Ланселет — мрачное выражение успело исчезнуть с его лица — сказал:

— Мне не верится, Гарет, чтобы даме, ставшей твоей женой, захотелось смотреть на кого-то другого.

— Ну, а тебе, кузен, придется сейчас взглянуть в другую сторону, — сообщил Гавейн. — Королева ищет тебя. Так что тебе, как ее поборнику, придется пойти и засвидетельствовать ей свое почтение.

И действительно, в этот самый момент к ним подошла одна из юных дев, прислуживавших Гвенвифар, и спросила по-детски тонким голоском:

— Не ты ли будешь сэр Ланселет? Королева просит тебя подойти и побеседовать с ней.

Ланселет поклонился Моргейне, сказал:» Гарет, Гавейн — поговорим попозже «, — и ушел.

Гарет, нахмурившись, посмотрел ему вслед и пробормотал:

— Стоит ей лишь поманить, и он готов бежать к ней.

— А ты ждал чего-то другого, братец? — обычным своим небрежным тоном поинтересовался Гавейн. — Он ведь был ее поборником с тех самых пор, как она вышла замуж за Артура. Что же касается всего прочего… Ну, вспомни, что говорила Моргейна: если мы считаем такое поведение похвальным для короля, почему мы должны порицать за него королеву? Нет, это теперь и вправду стало модным. Вы слыхали истории об этой ирландской королеве, которая вышла замуж за старого герцога Марка, и о том, как Друстан поет ей песни и всюду следует за ней… Говорят, он играет на арфе не хуже самого Кевина! Ты не слыхала его игры, Моргейна?

Моргейна покачала головой и заметила:

— Не зови Изотту королевой Корнуолла — в Корнуолле нет королев, кроме меня. Марк правит там лишь как мой наместник — и если он этого еще не понял, пора ему об этом сообщить.
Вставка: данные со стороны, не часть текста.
lemma jacobian_matrix_vector_mult:
  fixes g :: "real^'n \<Rightarrow> real^'m" and J :: "real^'m^'k"
  assumes "g differentiable (at x)"
  shows "jacobian (\<lambda>y. J *v g y) (at x) = J ** jacobian g (at x)"
proof -
  let ?g' = "frechet_derivative g (at x)"
  have g': "(g has_derivative ?g') (at x)"
    using assms by (simp add: frechet_derivative_works)
  then have "((\<lambda>y. J *v g y) has_derivative ((*v) J \<circ> ?g')) (at x)"
    unfolding o_def by (rule bounded_linear.has_derivative[OF matrix_vector_mul_bounded_linear])
  then have "jacobian (\<lambda>y. J *v g y) (at x) = matrix ((*v) J \<circ> ?g')"
    unfolding jacobian_def by (simp flip: frechet_derivative_at)
  also have "\<dots> = J ** jacobian g (at x)"
    unfolding jacobian_def using g' by (simp add: matrix_compose has_derivative_linear)
  finally show ?thesis .
qed

text \<open>The second derivative of \<open>\<Sum> c\<^sub>i\<^sub>j\<^sub>k x\<^sub>i x\<^sub>j x\<^sub>k\<close> in directions \<open>a\<close>, \<open>h\<close> at \<open>y\<close> sums the
  coefficients against all six arrangements of \<open>a, h, y\<close>, hence is symmetric in \<open>a\<close>, \<open>h\<close>.\<close>

lemma homogeneous_cubic_grad:
  fixes H :: "real^'n \<Rightarrow> real"
  assumes "homogeneous_cubic H"
  shows homogeneous_cubic_grad_differentiable: "grad H differentiable (at x)"
    and homogeneous_cubic_hessian_symmetric: "transpose (hessian H x) = hessian H x"
proof -
  obtain c where H: "H = (\<lambda>x. \<Sum>i\<in>UNIV. \<Sum>j\<in>UNIV. \<Sum>k\<in>UNIV. c i j k * x $ i * x $ j * x $ k)"
    using assms unfolding homogeneous_cubic_def by blast
  have nth: "((\<lambda>x. x $ i) has_derivative (\<lambda>x. x $ i)) F" for i and F :: "(real^'n) filter"
    by (rule bounded_linear_imp_has_derivative) (rule bounded_linear_vec_nth)
  define DH where "DH y h = (\<Sum>i\<in>UNIV. \<Sum>j\<in>UNIV. \<Sum>k\<in>UNIV.
      c i j k * (h $ i * y $ j * y $ k + y $ i * h $ j * y $ k + y $ i * y $ j * h $ k))"
    for y h :: "real^'n"
  have "(H has_derivative DH y) (at y)" for y
    unfolding H DH_def[abs_def]
    by (intro has_derivative_sum) (auto intro!: derivative_eq_intros nth ext simp: algebra_simps)
  note dH = this
  have grad_nth: "grad H y $ l = DH y (axis l 1)" for y l
    unfolding grad_def using frechet_derivative_at[OF dH[of y]] by simp
  have expansion: "v = (\<Sum>l\<in>UNIV. v $ l *\<^sub>R axis l 1)" for v :: "real^'n"
    by (simp add: vec_eq_iff axis_def if_distrib cong: if_cong)
  have grad: "grad H = (\<lambda>y. \<Sum>l\<in>UNIV. DH y (axis l 1) *\<^sub>R axis l 1)"
    by (rule ext, subst expansion) (simp add: grad_nth)
  define \<Phi> where "\<Phi> y a h = (\<Sum>i\<in>UNIV. \<Sum>j\<in>UNIV. \<Sum>k\<in>UNIV. c i j k *
      (a $ i * (h $ j * y $ k + y $ j * h $ k) + h $ i * a $ j * y $ k + y $ i * a $ j * h $ k
       + h $ i * y $ j * a $ k + y $ i * h $ j * a $ k))" for y a h :: "real^'n"
  define DG where "DG y h = (\<Sum>l\<in>UNIV. \<Phi> y (axis l 1) h *\<^sub>R (axis l 1 :: real^'n))" for y h
  have DG: "(grad H has_derivative DG y) (at y)" for y
    unfolding grad DG_def[abs_def] DH_def \<Phi>_def
    by (intro has_derivative_sum has_derivative_scaleR_left)
      (auto intro!: derivative_eq_intros nth ext simp: algebra_simps)
  then show "grad H differentiable (at x)"
    by (auto simp: differentiable_def)
  have "hessian H x $ l $ m = \<Phi> x (axis l 1) (axis m 1)" for l m
    unfolding hessian_def jacobian_def frechet_derivative_at[OF DG, symmetric]
    by (simp add: matrix_def DG_def axis_def if_distrib cong: if_cong)
  moreover have "\<Phi> y a h = \<Phi> y h a" for y a h
    unfolding \<Phi>_def by (intro sum.cong refl) (simp add: algebra_simps)
  ultimately show "transpose (hessian H x) = hessian H x"
    by (simp add: vec_eq_iff transpose_def)
qed

theorem mainTheorem16:
  fixes A :: "real^6^6" and H0 :: "real^6 \<Rightarrow> real"
    and lam alpha beta gamma :: "nat \<Rightarrow> complex"
  assumes skewHam: "transpose A ** Jsymp = Jsymp ** A"
    and cubic: "homogeneous_cubic H0"
    and comm: "\<And>x. A ** hessian H0 x = hessian H0 x ** transpose A"
    and generic_distinct: "lam 1 \<noteq> lam 2" "lam 1 \<noteq> lam 3" "lam 2 \<noteq> lam 3"
    and generic_charpoly: "\<And>z. det (mat z - cmat A)
                          = ((z - lam 1) * (z - lam 2) * (z - lam 3))^2"
    and interp: "\<And>i j. i \<in> {1,2,3} \<Longrightarrow> j \<in> {1,2,3} \<Longrightarrow>
                   alpha i + beta i * lam j + gamma i * (lam j)^2 = (if i = j then -1 else 1)"
    and nondeg: "\<exists>x. det (jacobian (\<lambda>y. Jsymp *v grad H0 y) (at x)) \<noteq> 0"
  shows "\<forall>(x::real^6) (\<epsilon>::real).
    (let f' = cmat (jacobian (\<lambda>y. Jsymp *v grad H0 y) (at x));
         B = (\<lambda>i. mat (alpha i) + mat (beta i) ** cmat A
                   + mat (gamma i) ** (cmat A ** cmat A));
         q = (\<lambda>i. trace (transpose (B i) ** (f' ** f')) / 8);
         e = complex_of_real \<epsilon>;
         s1 = 1 - 2 * e^2 * (q 2 + q 3);
         s2 = 1 - 2 * e^2 * (q 1 + q 3);
         s3 = 1 - 2 * e^2 * (q 1 + q 2)
     in complex_of_real (det (mat 1 - \<epsilon> *\<^sub>R jacobian (\<lambda>y. Jsymp *v grad H0 y) (at x)))
        = s1 * s2 * s3)"
proof -
  have f': "jacobian (\<lambda>y. Jsymp *v grad H0 y) (at x) = Jsymp ** hessian H0 x" for x
    unfolding hessian_def
    by (rule jacobian_matrix_vector_mult[OF homogeneous_cubic_grad_differentiable[OF cubic]])
  have skew_ham: "transpose (cmat A) ** cmat Jsymp = cmat Jsymp ** cmat A"
    using arg_cong[OF skewHam, of cmat] by (simp add: cmat_mult cmat_transpose)
  have intertwine: "cmat A ** cmat (hessian H0 x) = cmat (hessian H0 x) ** transpose (cmat A)" for x
    using arg_cong[OF comm[of x], of cmat] by (simp add: cmat_mult cmat_transpose)
  have S_sym: "transpose (cmat (hessian H0 x)) = cmat (hessian H0 x)" for x
    using homogeneous_cubic_hessian_symmetric[OF cubic, of x] by (simp flip: cmat_transpose)
  have J_sq: "cmat Jsymp ** cmat Jsymp = - mat 1"
    using arg_cong[OF Jsymp_mult_Jsymp, of cmat] by (simp add: cmat_mult cmat_uminus cmat_mat)
  have J_skew: "transpose (cmat Jsymp) = - cmat Jsymp"
    using arg_cong[OF transpose_Jsymp, of cmat] by (simp add: cmat_transpose cmat_uminus)
  note factorization = det_one_minus_skew_hamiltonian_commutant
    [OF skew_ham intertwine S_sym J_sq J_skew generic_distinct generic_charpoly interp]
  show ?thesis
    unfolding Let_def f' cmat_mult of_real_det_one_minus_scaleR
    by (intro allI, subst factorization) (simp_all add: mat_poly2_def)
qed

end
— Думаю, Изотте все равно, как там себя именует Марк, — сказал Гавейн, взглянув в сторону длинного стола, за которым сидели дамы. К Гвенвифар и ирландской королеве теперь присоединилась еще и Моргауза, и туда же как раз подошел Ланселет. Гвенвифар улыбнулась ему, а Моргауза отпустила какую-то шутку, заставившую Ланселета рассмеяться, — но Изотта Корнуольская лишь смотрела перед собой невидящим взором, и ее прекрасное лицо казалось бледным и осунувшимся. — Я никогда еще не видел дамы, которая выглядела бы столь несчастной, как эта ирландская королева.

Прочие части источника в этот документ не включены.